### TASK BRIEF
Gather all lines in the entries that include the word "notin".

Stored data:
lemma F2_independent_powers:
  fixes \<eta> :: "'a::{field,finite}"
  assumes card_field: "card (UNIV :: 'a set) = 2 ^ n" and gen: "gen_subfield \<eta> = UNIV"
    and c: "\<forall>i<n. c i \<in> {0, 1}" and rel: "(\<Sum>i<n. c i * \<eta> ^ i) = 0"
  shows "\<forall>i<n. c i = 0"
proof (rule ccontr)
  have char2: "(1::'a) + 1 = 0"
    using card_field by (rule one_plus_one_eq_zero_if_card_eq_power_two)
  define I where "I = {i. i < n \<and> c i \<noteq> 0}"
  assume "\<not> (\<forall>i<n. c i = 0)"
  then have "I \<noteq> {}" by (auto simp: I_def)
  define k where "k = Max I"
  have "k \<in> I" unfolding k_def using \<open>I \<noteq> {}\<close> by (intro Max_in) (auto simp: I_def)
  then have "k < n" and ck: "c k = 1" using c by (auto simp: I_def)
  have above: "c i = 0" if "k < i" "i < n" for i
    using Max_ge[of I i] that by (fastforce simp: k_def I_def)
  have "(\<Sum>i<n. c i * \<eta> ^ i) = (\<Sum>i<Suc k. c i * \<eta> ^ i)"
    using \<open>k < n\<close> above by (intro sum.mono_neutral_right) auto
  with rel ck have "(\<Sum>i<k. c i * \<eta> ^ i) + \<eta> ^ k = 0" by simp
  then have "\<eta> ^ k = (\<Sum>i<k. (if i < k then c i else 0) * \<eta> ^ i)"
    using minus_eq_self_if_one_plus_one_eq_zero[OF char2] by (simp add: add_eq_0_iff2)
  also have "\<dots> \<in> F2_span \<eta> k" using c \<open>k < n\<close> by (intro F2_spanI) simp
  finally have "n \<le> k" using card_field gen by (intro le_if_power_mem_F2_span)
  with \<open>k < n\<close> show False by simp
qed

lemma F2_combination_eq_imp_eq:
  fixes \<eta> :: "'a::{field,finite}"
  assumes card_field: "card (UNIV :: 'a set) = 2 ^ n" and gen: "gen_subfield \<eta> = UNIV"
    and a: "\<forall>i\<in>{1..n}. a i \<in> {0, 1}" and b: "\<forall>i\<in>{1..n}. b i \<in> {0, 1}"
    and eq: "(\<Sum>i=1..n. \<eta> ^ (i - 1) * a i) = (\<Sum>i=1..n. \<eta> ^ (i - 1) * b i)"
  shows "\<forall>i\<in>{1..n}. a i = b i"
proof -
  have char2: "(1::'a) + 1 = 0"
    using card_field by (rule one_plus_one_eq_zero_if_card_eq_power_two)
  define c where "c i = a (Suc i) - b (Suc i)" for i
  have "c i \<in> {0, 1}" if "i < n" for i
  proof -
    have "a (Suc i) \<in> {0, 1}" "b (Suc i) \<in> {0, 1}" using a b that by auto
    then show ?thesis
      using minus_eq_self_if_one_plus_one_eq_zero[OF char2, of 1] by (auto simp: c_def)
  qed
  moreover have "(\<Sum>i<n. c i * \<eta> ^ i) = 0"
  proof -
    have "(\<Sum>i<n. c i * \<eta> ^ i) = (\<Sum>i=1..n. \<eta> ^ (i - 1) * (a i - b i))"
      by (simp only: One_nat_def sum.atLeast1_atMost_eq) (simp add: c_def mult.commute)
    also have "\<dots> = 0" using eq by (simp add: right_diff_distrib sum_subtractf)
    finally show ?thesis .
  qed
  ultimately have "\<forall>i<n. c i = 0" using card_field gen by (intro F2_independent_powers) auto
  moreover have "i - 1 < n" "Suc (i - 1) = i" if "i \<in> {1..n}" for i using that by auto
  ultimately show ?thesis by (metis c_def eq_iff_diff_eq_0)
qed

lemma eta_power_neq_zero:
  fixes \<eta> :: "'a::{field,finite}"
  assumes card_field: "card (UNIV :: 'a set) = 2 ^ n" and gen: "gen_subfield \<eta> = UNIV"
    and "i \<in> {1..n}"
  shows "\<eta> ^ (i - 1) \<noteq> 0"
proof
  let ?e = "\<lambda>j. if j = i then 1 else 0 :: 'a"
  assume "\<eta> ^ (i - 1) = 0"
  have "(\<Sum>j=1..n. \<eta> ^ (j - 1) * ?e j) = (\<Sum>j=1..n. if j = i then \<eta> ^ (j - 1) else 0)"
    by (rule sum.cong) auto
  also have "\<dots> = \<eta> ^ (i - 1)" using assms(3) by simp
  also have "\<dots> = (\<Sum>j=1..n. \<eta> ^ (j - 1) * 0)" using \<open>\<eta> ^ (i - 1) = 0\<close> by simp
  finally have eq: "(\<Sum>j=1..n. \<eta> ^ (j - 1) * ?e j) = (\<Sum>j=1..n. \<eta> ^ (j - 1) * 0)" .
  have "\<forall>j\<in>{1..n}. ?e j = 0" by (rule F2_combination_eq_imp_eq[OF card_field gen _ _ eq]) auto
  then have "?e i = 0" using assms(3) by blast
  then show False by simp
qed

section \<open>Counting functions of prescribed support\<close>

lemma bij_betw_restrict_supported_funs:
  assumes "0 \<in> B"
  shows "bij_betw (\<lambda>w. restrict w A) {w. \<forall>k. w k \<in> B \<and> (k \<notin> A \<longrightarrow> w k = 0)} (PiE A (\<lambda>_. B))"
proof (rule bij_betwI[where g = "\<lambda>f k. if k \<in> A then f k else 0"])
  show "(\<lambda>f k. if k \<in> A then f k else 0) \<in> PiE A (\<lambda>_. B) \<rightarrow> {w. \<forall>k. w k \<in> B \<and> (k \<notin> A \<longrightarrow> w k = 0)}"
    using assms by auto
  show "restrict (\<lambda>k. if k \<in> A then f k else 0) A = f" if "f \<in> PiE A (\<lambda>_. B)" for f
    using that by (auto simp: fun_eq_iff PiE_def extensional_def)
qed (auto simp: fun_eq_iff)

lemma card_supported_funs:
  assumes "0 \<in> B" "finite A"
  shows "card {w. \<forall>k. w k \<in> B \<and> (k \<notin> A \<longrightarrow> w k = 0)} = card B ^ card A"
  using bij_betw_same_card[OF bij_betw_restrict_supported_funs[OF assms(1), of A]] assms(2)
  by (simp add: card_PiE)

lemma finite_supported_funs:
  assumes "0 \<in> B" "finite A" "finite B"
  shows "finite {w. \<forall>k. w k \<in> B \<and> (k \<notin> A \<longrightarrow> w k = 0)}"
  using bij_betw_finite[OF bij_betw_restrict_supported_funs[OF assms(1), of A]] assms(2,3)
  by (simp add: finite_PiE)

lemma card_Delta:
  assumes "finite L"
  shows "card (Delta L :: (nat \<Rightarrow> 'a::zero_neq_one) set) = 2 ^ card L"
  unfolding Delta_def using card_supported_funs[of "{0, 1::'a}" L] assms
  by (simp add: numeral_2_eq_2)

lemma finite_vecs: "finite (vecs m :: (nat \<Rightarrow> 'a::{zero,finite}) set)"
  using finite_supported_funs[of "UNIV :: 'a set" "{1..m}"] unfolding vecs_def by simp

section \<open>The defining set \<open>D\<close>\<close>

definition eta_sum :: "'a::field \<Rightarrow> nat \<Rightarrow> (nat \<Rightarrow> nat \<Rightarrow> 'a) \<Rightarrow> nat \<Rightarrow> 'a" where
  "eta_sum \<eta> n d = (\<lambda>k. \<Sum>i=1..n. \<eta> ^ (i - 1) * d i k)"

lemma Dset_eq_image: "Dset \<eta> n M = eta_sum \<eta> n ` PiE {1..n} (\<lambda>i. Delta (M i))"
proof
  show "Dset \<eta> n M \<subseteq> eta_sum \<eta> n ` PiE {1..n} (\<lambda>i. Delta (M i))"
  proof
    fix x assume "x \<in> Dset \<eta> n M"
    then obtain d where d: "x = eta_sum \<eta> n d" "\<forall>i\<in>{1..n}. d i \<in> Delta (M i)"
      unfolding Dset_def eta_sum_def by blast
    then have "x = eta_sum \<eta> n (restrict d {1..n})"
      by (auto simp: eta_sum_def fun_eq_iff intro!: sum.cong)
    moreover have "restrict d {1..n} \<in> PiE {1..n} (\<lambda>i. Delta (M i))" using d(2) by auto
    ultimately show "x \<in> eta_sum \<eta> n ` PiE {1..n} (\<lambda>i. Delta (M i))" by blast
  qed
qed (auto simp: Dset_def eta_sum_def)

lemma inj_on_eta_sum:
  fixes \<eta> :: "'a::{field,finite}"
  assumes card_field: "card (UNIV :: 'a set) = 2 ^ n" and gen: "gen_subfield \<eta> = UNIV"
  shows "inj_on (eta_sum \<eta> n) (PiE {1..n} (\<lambda>i. Delta (M i)))"
proof (rule inj_onI)
  fix d d' assume d: "d \<in> PiE {1..n} (\<lambda>i. Delta (M i))" and d': "d' \<in> PiE {1..n} (\<lambda>i. Delta (M i))"
    and eq: "eta_sum \<eta> n d = eta_sum \<eta> n d'"
  show "d = d'"
  proof (rule PiE_ext[OF d d'])
    fix i assume i: "i \<in> {1..n}"
    show "d i = d' i"
    proof
      fix k
      have "\<forall>j\<in>{1..n}. d j k \<in> {0, 1}" "\<forall>j\<in>{1..n}. d' j k \<in> {0, 1}"
        using d d' by (auto simp: Delta_def)
      moreover have "(\<Sum>j=1..n. \<eta> ^ (j - 1) * d j k) = (\<Sum>j=1..n. \<eta> ^ (j - 1) * d' j k)"
        using fun_cong[OF eq, of k] by (simp add: eta_sum_def)
      ultimately show "d i k = d' i k"
        using F2_combination_eq_imp_eq[OF card_field gen, of "\<lambda>j. d j k" "\<lambda>j. d' j k"] i by blast
    qed
  qed
qed

lemma card_Dset:
  fixes \<eta> :: "'a::{field,finite}"
  assumes card_field: "card (UNIV :: 'a set) = 2 ^ n" and gen: "gen_subfield \<eta> = UNIV"
    and fin: "\<forall>i\<in>{1..n}. finite (M i)"
  shows "card (Dset \<eta> n M) = 2 ^ (\<Sum>j=1..n. card (M j))"
proof -
  have "card (Dset \<eta> n M) = (\<Prod>i=1..n. card (Delta (M i) :: (nat \<Rightarrow> 'a) set))"
    unfolding Dset_eq_image card_image[OF inj_on_eta_sum[OF card_field gen]] by (simp add: card_PiE)
  also have "\<dots> = (\<Prod>i=1..n. 2 ^ card (M i))" using fin by (intro prod.cong) (simp_all add: card_Delta)
  finally show ?thesis by (simp add: power_sum)
qed

lemma zero_mem_Dset: "0 \<in> Dset \<eta> n M"
  unfolding Dset_def by (auto simp: Delta_def fun_eq_iff intro!: exI[of _ "\<lambda>_ _. 0"])

lemma length_enum_nonzero_Dset:
  fixes \<eta> :: "'a::{field,finite}"
  assumes card_field: "card (UNIV :: 'a set) = 2 ^ n" and gen: "gen_subfield \<eta> = UNIV"
    and fin: "\<forall>i\<in>{1..n}. finite (M i)"
    and ps: "distinct ps" "set ps = Dset \<eta> n M - {0}"
  shows "length ps = 2 ^ (\<Sum>j=1..n. card (M j)) - 1"
proof -
  have "length ps = card (Dset \<eta> n M - {0})" using distinct_card[OF ps(1)] ps(2) by simp
  also have "\<dots> = 2 ^ (\<Sum>j=1..n. card (M j)) - 1"
    using card_Dset[OF card_field gen fin] by (simp add: card_Diff_singleton zero_mem_Dset)
  finally show ?thesis .
qed

lemma unit_mem_Dset:
  fixes \<eta> :: "'a::field"
  assumes "i \<in> {1..n}" "k \<in> M i"
  shows "(\<lambda>l. if l = k then \<eta> ^ (i - 1) else 0) \<in> Dset \<eta> n M"
proof -
  define d where "d j l = (if j = i \<and> l = k then 1 else 0 :: 'a)" for j l
  have "eta_sum \<eta> n d l = (\<Sum>j=1..n. if j = i then \<eta> ^ (j - 1) * d j l else 0)" for l
    unfolding eta_sum_def by (rule sum.cong) (auto simp: d_def)
  then have "eta_sum \<eta> n d = (\<lambda>l. if l = k then \<eta> ^ (i - 1) else 0)"
    using assms(1) by (auto simp: fun_eq_iff d_def)
  moreover have "\<forall>j\<in>{1..n}. d j \<in> Delta (M j)" using assms(2) by (auto simp: d_def Delta_def)
  ultimately show ?thesis unfolding Dset_def eta_sum_def by (intro CollectI exI[of _ d] conjI) auto
qed

lemma Dset_vanishes_outside_Union:
  assumes "x \<in> Dset \<eta> n M" "k \<notin> (\<Union>j\<in>{1..n}. M j)"
  shows "x k = 0"
  using assms by (auto simp: Dset_def Delta_def intro!: sum.neutral)

section \<open>The code \<open>C\<^bsub>D*\<^esub>\<close>\<close>

interpretation word: vector_space "wscale :: 'a::field \<Rightarrow> (nat \<Rightarrow> 'a) \<Rightarrow> nat \<Rightarrow> 'a"
  by unfold_locales (auto simp: wscale_def fun_eq_iff algebra_simps)

lemma linear_cP: "Vector_Spaces.linear wscale wscale (cP m ps)"
  unfolding Vector_Spaces.linear_iff
  by (auto simp: word.vector_space_axioms cP_def dotp_def wscale_def fun_eq_iff
      sum.distrib distrib_right sum_distrib_left mult.assoc)

lemma subspace_vecs: "word.subspace (vecs m)"
  by (auto simp: word.subspace_def vecs_def wscale_def)

lemma cP_eq_0_iff: "cP m ps v = 0 \<longleftrightarrow> (\<forall>d\<in>set ps. dotp m v d = 0)"
  by (auto simp: cP_def fun_eq_iff all_set_conv_all_nth)

lemma wt_eq_0_iff:
  assumes "\<forall>i\<ge>N. c i = 0"
  shows "wt N c = 0 \<longleftrightarrow> c = 0"
  using assms by (auto simp: wt_def fun_eq_iff) (meson not_le_imp_less)

lemma linear_code_CP: "linear_code (length ps) (CP m ps)"
proof -
  interpret cP: Vector_Spaces.linear wscale wscale "cP m ps" by (rule linear_cP)
  show ?thesis
    unfolding linear_code_def CP_def
    using cP.subspace_image[OF subspace_vecs] by (auto simp: cP_def)
qed

lemma card_fibres_additive:
  fixes f :: "'b::ab_group_add \<Rightarrow> 'c::ab_group_add"
  assumes "finite V"
    and V_diff: "\<And>u v. u \<in> V \<Longrightarrow> v \<in> V \<Longrightarrow> u - v \<in> V"
    and V_add: "\<And>u v. u \<in> V \<Longrightarrow> v \<in> V \<Longrightarrow> u + v \<in> V"
    and f_add: "\<And>u v. f (u + v) = f u + f v"
  shows "card {v\<in>V. P (f v)} = card {v\<in>V. f v = 0} * card {c\<in>f ` V. P c}"
proof -
  have f_diff: "f (u - v) = f u - f v" for u v
    using f_add[of "u - v" v] by (simp add: eq_diff_eq)
  have fibre: "card {v\<in>V. f v = c} = card {v\<in>V. f v = 0}" if c: "c \<in> f ` V" for c
  proof -
    obtain v0 where v0: "v0 \<in> V" "c = f v0" using c by blast
    have "{v\<in>V. f v = c} = (\<lambda>u. v0 + u) ` {v\<in>V. f v = 0}"
    proof (intro equalityI subsetI)
      fix v assume "v \<in> {v\<in>V. f v = c}"
      then have "v - v0 \<in> {v\<in>V. f v = 0}" "v = v0 + (v - v0)"
        using v0 V_diff f_diff by auto
      then show "v \<in> (\<lambda>u. v0 + u) ` {v\<in>V. f v = 0}" by blast
    qed (use v0 V_add f_add in auto)
    then show ?thesis by (simp add: card_image)
  qed
  have "{v\<in>V. P (f v)} = (\<Union>c\<in>{c\<in>f ` V. P c}. {v\<in>V. f v = c})" by auto
  then have "card {v\<in>V. P (f v)} = (\<Sum>c\<in>{c\<in>f ` V. P c}. card {v\<in>V. f v = c})"
    using \<open>finite V\<close> by (simp only:) (rule card_UN_disjoint; auto)
  also have "\<dots> = (\<Sum>c\<in>{c\<in>f ` V. P c}. card {v\<in>V. f v = 0})"
    using fibre by (intro sum.cong) auto
  finally show ?thesis by simp
qed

### RESULT OF THIS EXERCISE
  shows "bij_betw (\<lambda>w. restrict w A) {w. \<forall>k. w k \<in> B \<and> (k \<notin> A \<longrightarrow> w k = 0)} (PiE A (\<lambda>_. B))"
  show "(\<lambda>f k. if k \<in> A then f k else 0) \<in> PiE A (\<lambda>_. B) \<rightarrow> {w. \<forall>k. w k \<in> B \<and> (k \<notin> A \<longrightarrow> w k = 0)}"
  shows "card {w. \<forall>k. w k \<in> B \<and> (k \<notin> A \<longrightarrow> w k = 0)} = card B ^ card A"
  shows "finite {w. \<forall>k. w k \<in> B \<and> (k \<notin> A \<longrightarrow> w k = 0)}"
  assumes "x \<in> Dset \<eta> n M" "k \<notin> (\<Union>j\<in>{1..n}. M j)"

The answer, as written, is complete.